→ **Assignment**
For each line below that includes the string "linarith", show the whole line.

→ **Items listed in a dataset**
══════════════════════════════

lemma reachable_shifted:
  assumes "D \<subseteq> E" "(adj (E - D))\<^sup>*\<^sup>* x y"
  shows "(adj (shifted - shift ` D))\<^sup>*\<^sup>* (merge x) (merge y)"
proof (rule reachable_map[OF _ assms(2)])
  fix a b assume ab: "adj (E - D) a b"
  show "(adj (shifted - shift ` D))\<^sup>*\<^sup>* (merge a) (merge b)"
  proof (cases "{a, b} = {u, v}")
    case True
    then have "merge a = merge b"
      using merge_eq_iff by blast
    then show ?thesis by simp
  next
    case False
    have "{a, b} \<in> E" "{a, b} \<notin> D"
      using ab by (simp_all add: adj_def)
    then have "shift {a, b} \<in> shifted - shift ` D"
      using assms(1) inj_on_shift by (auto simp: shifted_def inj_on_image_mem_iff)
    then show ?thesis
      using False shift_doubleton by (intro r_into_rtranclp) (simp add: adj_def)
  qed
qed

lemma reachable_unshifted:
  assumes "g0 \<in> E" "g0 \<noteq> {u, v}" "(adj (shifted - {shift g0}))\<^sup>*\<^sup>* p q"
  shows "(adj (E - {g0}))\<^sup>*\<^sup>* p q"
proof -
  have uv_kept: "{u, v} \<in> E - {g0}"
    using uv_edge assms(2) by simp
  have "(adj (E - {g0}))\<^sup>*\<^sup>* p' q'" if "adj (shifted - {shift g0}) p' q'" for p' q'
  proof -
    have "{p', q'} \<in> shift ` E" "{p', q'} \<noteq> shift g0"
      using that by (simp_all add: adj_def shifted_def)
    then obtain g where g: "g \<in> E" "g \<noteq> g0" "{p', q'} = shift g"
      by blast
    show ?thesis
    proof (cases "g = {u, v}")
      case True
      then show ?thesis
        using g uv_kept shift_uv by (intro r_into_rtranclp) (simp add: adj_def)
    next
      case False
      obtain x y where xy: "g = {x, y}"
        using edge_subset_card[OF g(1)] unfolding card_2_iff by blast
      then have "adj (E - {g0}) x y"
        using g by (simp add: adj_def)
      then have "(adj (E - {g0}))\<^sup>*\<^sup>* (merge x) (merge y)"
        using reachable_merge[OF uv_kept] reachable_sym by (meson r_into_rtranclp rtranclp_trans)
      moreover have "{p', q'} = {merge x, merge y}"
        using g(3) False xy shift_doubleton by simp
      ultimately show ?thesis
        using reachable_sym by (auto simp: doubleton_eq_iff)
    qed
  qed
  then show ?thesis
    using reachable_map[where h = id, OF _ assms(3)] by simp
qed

══════════════════════════════

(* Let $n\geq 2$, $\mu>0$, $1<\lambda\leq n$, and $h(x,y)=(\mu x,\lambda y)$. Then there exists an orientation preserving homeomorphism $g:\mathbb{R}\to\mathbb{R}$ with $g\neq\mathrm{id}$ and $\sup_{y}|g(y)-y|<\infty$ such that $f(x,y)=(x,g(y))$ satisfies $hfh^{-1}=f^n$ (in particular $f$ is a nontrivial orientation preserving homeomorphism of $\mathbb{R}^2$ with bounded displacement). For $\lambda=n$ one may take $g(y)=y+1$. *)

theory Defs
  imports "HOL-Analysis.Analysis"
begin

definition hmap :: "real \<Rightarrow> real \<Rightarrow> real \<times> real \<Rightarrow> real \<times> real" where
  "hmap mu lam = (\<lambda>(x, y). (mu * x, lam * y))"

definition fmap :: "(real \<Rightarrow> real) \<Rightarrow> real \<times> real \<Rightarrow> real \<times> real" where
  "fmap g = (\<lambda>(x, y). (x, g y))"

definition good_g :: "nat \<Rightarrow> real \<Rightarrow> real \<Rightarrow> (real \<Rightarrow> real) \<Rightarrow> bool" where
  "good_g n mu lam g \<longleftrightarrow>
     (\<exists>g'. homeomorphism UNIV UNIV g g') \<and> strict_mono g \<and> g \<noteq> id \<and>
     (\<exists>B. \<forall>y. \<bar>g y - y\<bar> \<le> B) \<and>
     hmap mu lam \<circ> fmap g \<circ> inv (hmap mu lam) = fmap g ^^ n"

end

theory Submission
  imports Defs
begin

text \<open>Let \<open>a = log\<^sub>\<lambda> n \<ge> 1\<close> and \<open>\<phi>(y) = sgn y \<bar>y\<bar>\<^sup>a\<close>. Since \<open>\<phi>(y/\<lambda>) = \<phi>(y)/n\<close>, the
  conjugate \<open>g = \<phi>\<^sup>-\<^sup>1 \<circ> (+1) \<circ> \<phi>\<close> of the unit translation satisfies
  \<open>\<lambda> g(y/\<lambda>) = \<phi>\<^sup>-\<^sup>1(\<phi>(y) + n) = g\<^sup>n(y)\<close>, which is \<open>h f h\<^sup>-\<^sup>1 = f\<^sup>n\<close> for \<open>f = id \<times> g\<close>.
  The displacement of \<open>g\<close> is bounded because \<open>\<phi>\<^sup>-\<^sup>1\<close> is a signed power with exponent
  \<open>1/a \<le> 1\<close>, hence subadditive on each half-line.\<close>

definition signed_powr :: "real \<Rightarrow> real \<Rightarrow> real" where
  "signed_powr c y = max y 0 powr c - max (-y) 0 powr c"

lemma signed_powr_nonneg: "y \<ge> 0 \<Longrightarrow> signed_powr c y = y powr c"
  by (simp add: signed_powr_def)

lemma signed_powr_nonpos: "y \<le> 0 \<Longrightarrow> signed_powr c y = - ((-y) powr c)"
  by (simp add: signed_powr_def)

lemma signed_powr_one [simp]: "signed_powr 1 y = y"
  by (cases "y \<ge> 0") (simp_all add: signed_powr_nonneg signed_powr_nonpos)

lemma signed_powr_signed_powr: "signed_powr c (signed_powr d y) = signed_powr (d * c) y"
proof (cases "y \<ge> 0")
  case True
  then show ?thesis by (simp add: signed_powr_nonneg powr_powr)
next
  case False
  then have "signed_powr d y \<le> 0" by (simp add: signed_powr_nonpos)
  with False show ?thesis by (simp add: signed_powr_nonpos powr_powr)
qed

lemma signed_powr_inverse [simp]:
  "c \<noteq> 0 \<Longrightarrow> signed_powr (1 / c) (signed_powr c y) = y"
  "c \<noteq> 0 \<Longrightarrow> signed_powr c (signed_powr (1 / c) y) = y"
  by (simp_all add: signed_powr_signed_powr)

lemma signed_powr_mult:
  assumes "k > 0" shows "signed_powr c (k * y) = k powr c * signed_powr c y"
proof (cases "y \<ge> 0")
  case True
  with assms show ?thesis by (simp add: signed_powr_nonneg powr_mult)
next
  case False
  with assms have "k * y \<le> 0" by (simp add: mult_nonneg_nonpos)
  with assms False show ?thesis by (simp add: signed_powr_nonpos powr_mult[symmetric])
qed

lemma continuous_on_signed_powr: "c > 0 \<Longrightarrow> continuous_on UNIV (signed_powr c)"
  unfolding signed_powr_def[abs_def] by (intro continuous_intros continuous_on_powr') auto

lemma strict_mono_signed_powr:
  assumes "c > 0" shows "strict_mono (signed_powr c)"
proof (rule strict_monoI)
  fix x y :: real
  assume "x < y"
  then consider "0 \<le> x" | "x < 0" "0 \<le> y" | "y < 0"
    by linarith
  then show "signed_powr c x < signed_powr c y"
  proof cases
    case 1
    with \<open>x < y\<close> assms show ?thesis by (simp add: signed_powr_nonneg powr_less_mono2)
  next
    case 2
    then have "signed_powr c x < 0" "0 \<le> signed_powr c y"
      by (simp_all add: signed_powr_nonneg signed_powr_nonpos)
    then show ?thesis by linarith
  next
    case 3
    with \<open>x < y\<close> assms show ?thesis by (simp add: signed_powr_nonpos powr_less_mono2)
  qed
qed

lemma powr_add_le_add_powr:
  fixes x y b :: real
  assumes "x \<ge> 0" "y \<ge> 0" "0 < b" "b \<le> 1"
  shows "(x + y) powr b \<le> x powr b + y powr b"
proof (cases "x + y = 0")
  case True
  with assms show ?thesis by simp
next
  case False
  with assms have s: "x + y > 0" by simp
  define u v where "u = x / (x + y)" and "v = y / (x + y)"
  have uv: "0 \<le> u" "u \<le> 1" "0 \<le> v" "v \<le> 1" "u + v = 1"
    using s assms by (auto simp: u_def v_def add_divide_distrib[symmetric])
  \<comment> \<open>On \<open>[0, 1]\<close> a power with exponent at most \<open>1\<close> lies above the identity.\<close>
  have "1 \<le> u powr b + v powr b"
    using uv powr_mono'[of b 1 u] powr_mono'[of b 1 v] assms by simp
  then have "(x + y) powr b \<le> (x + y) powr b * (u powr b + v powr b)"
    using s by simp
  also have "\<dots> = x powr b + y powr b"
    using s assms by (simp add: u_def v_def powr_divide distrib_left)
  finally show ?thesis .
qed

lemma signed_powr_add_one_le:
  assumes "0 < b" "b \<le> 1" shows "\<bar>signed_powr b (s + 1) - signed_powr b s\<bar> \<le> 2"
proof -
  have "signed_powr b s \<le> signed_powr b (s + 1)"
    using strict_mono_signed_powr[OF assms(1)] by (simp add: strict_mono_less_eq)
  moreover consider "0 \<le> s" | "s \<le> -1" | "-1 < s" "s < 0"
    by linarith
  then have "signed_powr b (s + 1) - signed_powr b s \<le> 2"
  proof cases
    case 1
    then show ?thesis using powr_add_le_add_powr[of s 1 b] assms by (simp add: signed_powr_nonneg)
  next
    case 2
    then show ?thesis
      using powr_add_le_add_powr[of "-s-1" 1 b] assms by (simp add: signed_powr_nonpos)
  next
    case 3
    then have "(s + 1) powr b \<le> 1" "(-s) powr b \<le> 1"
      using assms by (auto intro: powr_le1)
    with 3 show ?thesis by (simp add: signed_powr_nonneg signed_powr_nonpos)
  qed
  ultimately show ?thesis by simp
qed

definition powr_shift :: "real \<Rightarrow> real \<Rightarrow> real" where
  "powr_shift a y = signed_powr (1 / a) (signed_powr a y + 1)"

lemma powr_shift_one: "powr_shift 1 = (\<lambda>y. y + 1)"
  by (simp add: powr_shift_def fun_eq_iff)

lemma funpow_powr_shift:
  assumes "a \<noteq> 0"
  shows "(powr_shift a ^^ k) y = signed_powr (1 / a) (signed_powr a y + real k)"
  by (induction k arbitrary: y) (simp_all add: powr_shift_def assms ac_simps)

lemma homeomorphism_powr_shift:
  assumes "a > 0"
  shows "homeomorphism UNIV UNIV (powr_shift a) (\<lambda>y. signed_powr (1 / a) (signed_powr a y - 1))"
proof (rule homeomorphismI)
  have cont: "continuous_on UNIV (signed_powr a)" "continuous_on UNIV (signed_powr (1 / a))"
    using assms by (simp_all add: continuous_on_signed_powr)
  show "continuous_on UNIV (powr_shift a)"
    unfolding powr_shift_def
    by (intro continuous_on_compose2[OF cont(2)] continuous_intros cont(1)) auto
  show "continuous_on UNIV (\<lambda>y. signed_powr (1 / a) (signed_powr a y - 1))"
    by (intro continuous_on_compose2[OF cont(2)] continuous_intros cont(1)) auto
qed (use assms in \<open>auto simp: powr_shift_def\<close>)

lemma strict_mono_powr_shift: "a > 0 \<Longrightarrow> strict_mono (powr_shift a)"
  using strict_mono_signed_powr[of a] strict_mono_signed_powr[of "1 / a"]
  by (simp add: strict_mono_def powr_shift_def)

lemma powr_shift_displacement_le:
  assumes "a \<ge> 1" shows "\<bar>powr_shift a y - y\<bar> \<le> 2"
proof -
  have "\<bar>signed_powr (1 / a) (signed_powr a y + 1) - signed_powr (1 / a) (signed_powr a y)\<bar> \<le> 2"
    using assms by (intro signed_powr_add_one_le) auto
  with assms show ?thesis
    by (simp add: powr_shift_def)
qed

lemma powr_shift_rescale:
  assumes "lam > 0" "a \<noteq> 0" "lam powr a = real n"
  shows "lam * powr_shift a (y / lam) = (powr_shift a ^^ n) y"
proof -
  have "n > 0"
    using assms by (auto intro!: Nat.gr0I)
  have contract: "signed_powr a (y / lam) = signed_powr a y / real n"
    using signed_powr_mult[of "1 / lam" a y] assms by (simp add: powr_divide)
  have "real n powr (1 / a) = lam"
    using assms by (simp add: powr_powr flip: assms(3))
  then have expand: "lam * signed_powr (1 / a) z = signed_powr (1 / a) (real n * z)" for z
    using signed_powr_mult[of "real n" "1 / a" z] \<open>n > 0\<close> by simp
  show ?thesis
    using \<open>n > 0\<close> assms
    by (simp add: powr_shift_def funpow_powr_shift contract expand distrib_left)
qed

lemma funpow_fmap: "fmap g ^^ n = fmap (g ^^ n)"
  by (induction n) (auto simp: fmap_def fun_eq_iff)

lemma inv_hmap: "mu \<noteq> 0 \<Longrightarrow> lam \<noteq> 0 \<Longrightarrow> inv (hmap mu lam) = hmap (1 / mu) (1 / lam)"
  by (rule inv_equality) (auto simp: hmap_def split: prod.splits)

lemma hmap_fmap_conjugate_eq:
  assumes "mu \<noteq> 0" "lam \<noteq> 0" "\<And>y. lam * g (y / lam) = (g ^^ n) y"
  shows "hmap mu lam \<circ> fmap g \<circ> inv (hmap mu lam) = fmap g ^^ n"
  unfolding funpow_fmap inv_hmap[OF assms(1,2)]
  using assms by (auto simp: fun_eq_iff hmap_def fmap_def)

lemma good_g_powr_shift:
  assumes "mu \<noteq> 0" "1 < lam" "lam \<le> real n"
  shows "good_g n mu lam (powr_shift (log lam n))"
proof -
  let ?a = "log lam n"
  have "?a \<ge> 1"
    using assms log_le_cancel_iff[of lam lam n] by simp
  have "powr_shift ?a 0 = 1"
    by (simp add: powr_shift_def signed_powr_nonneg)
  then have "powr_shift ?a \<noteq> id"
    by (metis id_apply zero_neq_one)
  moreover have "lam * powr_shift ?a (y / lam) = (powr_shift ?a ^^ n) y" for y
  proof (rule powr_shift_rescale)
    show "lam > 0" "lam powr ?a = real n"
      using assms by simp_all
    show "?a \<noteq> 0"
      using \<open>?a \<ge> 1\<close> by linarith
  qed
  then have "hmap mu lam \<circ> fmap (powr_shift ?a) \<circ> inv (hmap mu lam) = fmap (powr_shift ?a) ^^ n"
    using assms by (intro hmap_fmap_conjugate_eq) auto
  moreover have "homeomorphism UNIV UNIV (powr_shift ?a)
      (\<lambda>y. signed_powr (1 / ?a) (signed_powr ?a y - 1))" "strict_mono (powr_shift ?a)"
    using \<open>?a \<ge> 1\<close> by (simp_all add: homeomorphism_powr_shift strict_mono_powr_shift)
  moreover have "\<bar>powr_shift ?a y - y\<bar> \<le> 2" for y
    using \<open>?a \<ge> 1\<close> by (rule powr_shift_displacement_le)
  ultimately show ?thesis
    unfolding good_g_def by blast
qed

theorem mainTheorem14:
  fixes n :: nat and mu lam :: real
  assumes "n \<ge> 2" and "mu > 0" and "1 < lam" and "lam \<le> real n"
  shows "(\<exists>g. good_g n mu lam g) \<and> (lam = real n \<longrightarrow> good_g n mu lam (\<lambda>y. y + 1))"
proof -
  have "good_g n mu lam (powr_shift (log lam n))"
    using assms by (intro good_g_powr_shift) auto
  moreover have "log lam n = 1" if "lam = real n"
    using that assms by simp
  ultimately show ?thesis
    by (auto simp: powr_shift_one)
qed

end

══════════════════════════════

→ **Expected output**
    by linarith
    then show ?thesis by linarith
    by linarith
      using \<open>?a \<ge> 1\<close> by linarith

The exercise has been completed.